1. predicted_probabilities: this is output of pre for which we will be performing optizations. This has two 'columns' where the values in index 0 are the probabilities for the class 0 and those in index 1 have probabilies for class 1

2. sklearn_class_labels: this is the class label prediction computed by sklearn's density function

3. naive_class_labels: this is the class label prediction computed by using a naïve 0.5 threshold

In [6]:
predicted_probabilities = clf.predict_proba(X_test)
print('shape of predicted probabilties:', predicted_probabilities.shape)

shape of predicted probabilties: (188, 2)


In [7]:
sklearn_class_labels = clf.predict(X_test)
print('shape of model default class predicttions:', sklearn_class_labels.shape)

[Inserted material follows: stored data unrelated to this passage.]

lemma asymptotic_multiplicity_changes:
  assumes "infinite (UNIV :: 'a set) \<or> 2 < card (UNIV :: 'a set)"
  shows "asymptotic scale {v. v \<noteq> 0 \<and> multiplicity 2 (Suc (changes (nz_coeffs v))) = n}"
  unfolding asymptotic_def
proof (intro conjI allI impI)
  fix V assume V: "inf_dim_subspace scale V"
  then have "subspace V" by (simp add: inf_dim_subspace_def)
  obtain I where I: "\<forall>k \<in> {I..I + 4 * 2^n}.
      \<exists>v \<in> V. v \<noteq> 0 \<and> support v \<subseteq> {0..} \<and> changes (nz_coeffs v) = k"
    using changes_interval_in_subspace[where r = "4 * 2^n" and N = 0,
        OF assms \<open>subspace V\<close> inf_dim_subspace_tail_vector[OF V]]
    by blast
  obtain k where k: "k \<in> {I..I + 4 * 2^n}" "multiplicity 2 (Suc k) = n"
    using ex_multiplicity_two_in_interval by blast
  then obtain v where "v \<in> V" "v \<noteq> 0" "changes (nz_coeffs v) = k"
    using I by blast
  then show "V \<inter> {v. v \<noteq> 0 \<and> multiplicity 2 (Suc (changes (nz_coeffs v))) = n} \<noteq> {}"
    using k(2) by auto
qed auto

end

theorem lemma8p4:
  fixes scale :: "'a::field \<Rightarrow> 'v::ab_group_add \<Rightarrow> 'v"
  assumes "vector_space scale"
    and "countable (UNIV :: 'a set)"
    and "infinite (UNIV :: 'a set) \<or> card (UNIV :: 'a set) > 2"
    and "\<exists>B. \<not> module.dependent scale B \<and> module.span scale B = UNIV \<and> countable B \<and> infinite B"
  shows "\<exists>A :: nat \<Rightarrow> 'v set. (\<forall>n. asymptotic scale (A n)) \<and>
           (\<forall>m n. m \<noteq> n \<longrightarrow> A m \<inter> A n = {})"
proof -
  obtain B where B: "\<not> module.dependent scale B" "module.span scale B = UNIV"
      "countable B" "infinite B"
    using assms(4) by blast
  interpret vector_space scale by (fact assms(1))
  interpret enumerated_basis scale "from_nat_into B"
    using B bij_betw_from_nat_into[OF B(3,4)] infinite_imp_nonempty[OF B(4)]
    by unfold_locales (auto simp: bij_betw_def)
  let ?A = "\<lambda>n. {v. v \<noteq> 0 \<and> multiplicity 2 (Suc (changes (nz_coeffs v))) = n}"
  have "asymptotic scale (?A n)" for n
    using asymptotic_multiplicity_changes assms(3) by simp
  moreover have "?A m \<inter> ?A n = {}" if "m \<noteq> n" for m n
    using that by auto
  ultimately show ?thesis by (intro exI[of _ ?A]) blast
qed

end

shape of model default class predicttions: (188,)


In [8]:
sklearn_class_labels

array([1, 0, 0, 1, 1, 0, 0, 0, 1, 1, 1, 0, 1, 0, 1, 0, 1, 1, 1, 0, 1, 1,
       0, 1, 1, 1, 1, 1, 1, 0, 1, 1, 1, 1, 1, 1, 0, 1, 0, 1, 1, 0, 1, 1,
       1, 1, 1, 1, 1, 1, 0, 0, 1, 1, 1, 1, 1, 0, 1, 1, 1, 0, 0, 1, 1, 1,
       0, 0, 1, 1, 0, 0, 1, 0, 1, 1, 1, 1, 1, 1, 0, 1, 1, 0, 0, 0, 0, 0,
       1, 1, 1, 1, 1, 1, 1, 1, 0, 0, 1, 0, 0, 1, 0, 0, 1, 1, 1, 0, 1, 1,
       0, 1, 0, 0, 1, 0, 1, 1, 1, 0, 0, 1, 1, 0, 1, 0, 0, 1, 1, 0, 0, 0,
       1, 1, 1, 0, 1, 1, 1, 0, 1, 0, 1, 1, 0, 1, 0, 0, 0, 1, 0, 1, 1, 1,
       1, 0, 0, 1, 1, 1, 1, 1, 1, 1, 0, 1, 1, 1, 1, 0, 1, 1, 1, 1, 1, 1,
       0, 1, 1, 1, 1, 0, 1, 0, 0, 0, 0, 1])

In [9]:
naive_class_labels = np.where(predicted_probabilities[:,1] > 0.5, 1, 0)
print('shape of naïve class predicttions:', naive_class_labels.shape)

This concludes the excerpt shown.